Special care is taken in relation to clinical information, including:

  • Therapy notes and assessments
  • Group therapy participation
  • Reports to employers, insurers, or legal entities

Information is:

  • Shared only with appropriate consent or legal justification
  • Limited to what is necessary for the intended purpose

Group therapy confidentiality is emphasised, but cannot be fully guaranteed due to the nature of group settings.

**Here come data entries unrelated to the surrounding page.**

lemma BesselJ_moment_recurrence:
  fixes \<nu> c t :: real
  assumes "\<nu> \<ge> -1/2" and "c > 0" and "t + \<nu> > 0"
  defines "M \<equiv> \<lambda>s. LINT x:{0<..}|lborel. x powr s * exp (- c * x) * BesselJ \<nu> x"
  shows "(c\<^sup>2 + 1) * M (t + 1) = c * (2 * t + 1) * M t - (t\<^sup>2 - \<nu>\<^sup>2) * M (t - 1)"
proof -
  have \<nu>: "\<nu> > -1" using assms(1) by simp
  define I where "I s = (LINT x:{0<..}|lborel. x powr s * exp (- c * x) * bessel_reduced \<nu> x)" for s
  have M: "M s = 2 powr (- \<nu>) * I (s + \<nu>)" for s
  proof -
    have "M s = (LINT x:{0<..}|lborel. 2 powr (- \<nu>) * (x powr (s + \<nu>) * exp (- c * x) * bessel_reduced \<nu> x))"
      unfolding M_def by (intro set_lebesgue_integral_cong) (simp_all add: powr_mult_BesselJ_eq[OF \<nu>])
    then show ?thesis
      by (simp add: I_def)
  qed
  have "(c\<^sup>2 + 1) * I (t + \<nu> + 1) = c * (2 * t + 1) * I (t + \<nu>) - (t\<^sup>2 - \<nu>\<^sup>2) * I (t + \<nu> - 1)"
    unfolding I_def using bessel_reduced_moment_recurrence[OF assms(1-3)] by simp
  then have "2 powr (- \<nu>) * ((c\<^sup>2 + 1) * I (t + \<nu> + 1))
      = 2 powr (- \<nu>) * (c * (2 * t + 1) * I (t + \<nu>) - (t\<^sup>2 - \<nu>\<^sup>2) * I (t + \<nu> - 1))"
    by simp
  moreover have "t + 1 + \<nu> = t + \<nu> + 1" and "t - 1 + \<nu> = t + \<nu> - 1"
    by simp_all
  ultimately show ?thesis
    unfolding M by (simp only:) (simp add: algebra_simps)
qed

lemma set_integral_powr_exp_BesselJ_plus_one:
  fixes \<nu> c q :: real
  assumes "\<nu> \<ge> -1/2" and "c > 0" and "q > -1" and "q + \<nu> > -1"
  shows "(LINT x:{0<..}|lborel. x powr q * exp (- c * x) * (BesselJ \<nu> x + 1))
           = (LINT x:{0<..}|lborel. x powr q * exp (- c * x) * BesselJ \<nu> x) + Gamma (q + 1) / c powr (q + 1)"
proof -
  have "(LINT x:{0<..}|lborel. x powr q * exp (- c * x) * (BesselJ \<nu> x + 1))
      = (LINT x:{0<..}|lborel. x powr q * exp (- c * x) * BesselJ \<nu> x + x powr q * exp (- c * x))"
    by (simp add: algebra_simps)
  also have "\<dots> = (LINT x:{0<..}|lborel. x powr q * exp (- c * x) * BesselJ \<nu> x)
      + (LINT x:{0<..}|lborel. x powr q * exp (- c * x))"
    using assms by (intro set_integral_add set_integrable_powr_exp_BesselJ set_integrable_powr_exp)
  finally show ?thesis
    using set_integral_powr_exp[OF assms(3,2)] by simp
qed

lemma Gamma_Laplace_moment_recurrence:
  fixes \<nu> c t :: real
  assumes "t > 0" and "c > 0"
  shows "(c\<^sup>2 + 1) * (Gamma (t + 2) / c powr (t + 2))
           = c * (2 * t + 1) * (Gamma (t + 1) / c powr (t + 1)) - (t\<^sup>2 - \<nu>\<^sup>2) * (Gamma t / c powr t)
             + Gamma t * (t\<^sup>2 + t - c\<^sup>2 * \<nu>\<^sup>2) / c powr (t + 2)"
proof -
  have "t \<notin> \<int>\<^sub>\<le>\<^sub>0" and "t + 1 \<notin> \<int>\<^sub>\<le>\<^sub>0"
    using assms(1) by (auto dest: nonpos_Ints_nonpos)
  then have "Gamma (t + 1) = t * Gamma t" and "Gamma (t + 2) = (t + 1) * t * Gamma t"
    using Gamma_plus1[of t] Gamma_plus1[of "t + 1"] by (simp_all add: add.assoc)
  moreover have "c powr (t + 1) = c powr t * c" and "c powr (t + 2) = c powr t * c\<^sup>2"
    using assms(2) by (simp_all add: powr_add power2_eq_square)
  ultimately show ?thesis
    using assms(2) by (simp add: field_simps power2_eq_square)
qed

theorem proposition3:
  fixes \<nu> \<alpha> c :: real
  assumes "\<nu> \<ge> 0" and "\<alpha> > -1" and "c > 0"
  defines "\<mu> \<equiv> \<lambda>k::nat. LINT x:{0<..}|lborel. x powr (real k + \<alpha>) * exp (- c * x) * (BesselJ \<nu> x + 1)"
      and "\<mu>\<^sub>0 \<equiv> \<lambda>k::nat. LINT x:{0<..}|lborel. x powr (real k + \<alpha>) * exp (- c * x) * BesselJ \<nu> x"
  shows "(\<forall>k::nat. k \<ge> 1 \<longrightarrow>
            \<mu> (k + 1) = 1 / (c\<^sup>2 + 1) *
              (c * (2 * (real k + \<alpha>) + 1) * \<mu> k
               - ((real k + \<alpha>)\<^sup>2 - \<nu>\<^sup>2) * \<mu> (k - 1)
               + Gamma (real k + \<alpha>) * ((real k + \<alpha>)\<^sup>2 + (real k + \<alpha>) - c\<^sup>2 * \<nu>\<^sup>2)
                 / c powr (real k + \<alpha> + 2)))
         \<and> \<mu> 0 = \<mu>\<^sub>0 0 + Gamma (\<alpha> + 1) / c powr (\<alpha> + 1)
         \<and> \<mu> 1 = \<mu>\<^sub>0 1 + Gamma (\<alpha> + 2) / c powr (\<alpha> + 2)"
proof -
  define M where "M s = (LINT x:{0<..}|lborel. x powr s * exp (- c * x) * BesselJ \<nu> x)" for s
  have \<mu>: "\<mu> k = M (real k + \<alpha>) + Gamma (real k + \<alpha> + 1) / c powr (real k + \<alpha> + 1)" for k
    unfolding \<mu>_def M_def using assms(1-3)
    by (intro set_integral_powr_exp_BesselJ_plus_one) auto
  have "\<mu> (k + 1) = 1 / (c\<^sup>2 + 1) * (c * (2 * t + 1) * \<mu> k - (t\<^sup>2 - \<nu>\<^sup>2) * \<mu> (k - 1)
      + Gamma t * (t\<^sup>2 + t - c\<^sup>2 * \<nu>\<^sup>2) / c powr (t + 2))" if "k \<ge> 1" "t = real k + \<alpha>" for k t
  proof -
    have t: "t > 0"
      using that assms(2) by simp
    have shift: "real k + \<alpha> = t" "real (k + 1) + \<alpha> = t + 1" "t + 1 + 1 = t + 2"
      "real (k - 1) + \<alpha> = t - 1" "t - 1 + 1 = t"
      using that by auto
    have "\<mu> (k + 1) = M (t + 1) + Gamma (t + 2) / c powr (t + 2)"
      "\<mu> k = M t + Gamma (t + 1) / c powr (t + 1)" "\<mu> (k - 1) = M (t - 1) + Gamma t / c powr t"
      using \<mu>[of "k + 1", unfolded shift] \<mu>[of k, unfolded shift] \<mu>[of "k - 1", unfolded shift]
      by simp_all
    moreover have "(c\<^sup>2 + 1) * M (t + 1) = c * (2 * t + 1) * M t - (t\<^sup>2 - \<nu>\<^sup>2) * M (t - 1)"
      unfolding M_def using assms t by (intro BesselJ_moment_recurrence) auto
    moreover note Gamma_Laplace_moment_recurrence[OF t assms(3), of \<nu>]
    moreover have "c\<^sup>2 + 1 > 0"
      by (simp add: add_nonneg_pos)
    ultimately show ?thesis
      by (simp add: field_simps)
  qed
  then show ?thesis
    using \<mu>[of 0] \<mu>[of 1] by (simp add: \<mu>\<^sub>0_def M_def add_ac)
qed

end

  1. Sharing of Information

Personal information may be shared:

  • With treating professionals involved in care
  • With funders (e.g. medical schemes, insurers)
  • With employers (where consent or legal basis exists)
  • When required by law or court process

Only relevant information is disclosed.

  1. Internal Access and Multi-Site Operations

Authorised staff may access personal information:

  • Across practice locations (e.g. Johannesburg, Durban)
  • On a need-to-know basis

All access must comply with:

  • Confidentiality requirements
  • This Policy
  1. Digital Communication and Systems

Personal information may be processed via:

  • Email systems
  • Practice management software
  • Cloud-based storage platforms
  • Telehealth platforms

Use of informal communication tools (e.g. WhatsApp) must:

  • Be minimised
  • Maintain confidentiality
  • Avoid transmission of sensitive information where possible
  1. Employee and Contractor Information

The Practice processes personal information relating to:

  • Recruitment
  • Employment records
  • Performance and operational management

All employee information is:

  • Treated as confidential
  • Processed in accordance with POPIA and labour law
  1. Consent

Where applicable:

  • Consent will be obtained for collection and use of personal information
  • Consent may be withdrawn at any time, subject to legal or contractual limitations

Clients will be informed of:

  • The purpose of data collection
  • Consequences of withholding or withdrawing consent
  1. Data Subject Rights

Individuals have the right to:

  • Access their personal information
  • Request correction or updating
  • Request deletion where appropriate
  • Lodge a complaint

Requests must be submitted to the Information Officer.

  1. Information Officer

The Practice appoints an Information Officer responsible for:

  • POPIA compliance
  • Managing access requests
  • Handling complaints

Details:

  • Name: Haneke Jonas
  • Email: [email protected]
  • Address: Mayo Clinic 5, Joseph Lister St, Constantia Kloof, 1715.
  1. Breaches and Complaints

If a data breach or concern arises:

  • It must be reported immediately to the Information Officer
  • The Practice will investigate and respond as required

Complaints will be:

  • Acknowledged
  • Investigated
  • Responded to within a reasonable timeframe
  1. Staff Responsibilities

All staff must:

  • Maintain confidentiality
  • Handle information securely
  • Follow Practice policies and procedures
  • Report risks or breaches promptly

Failure to comply may result in disciplinary action.

  1. Policy Implementation and Review

The Practice:

  • Provides training on data protection
  • Maintains supporting procedures and forms
  • Reviews this policy periodically.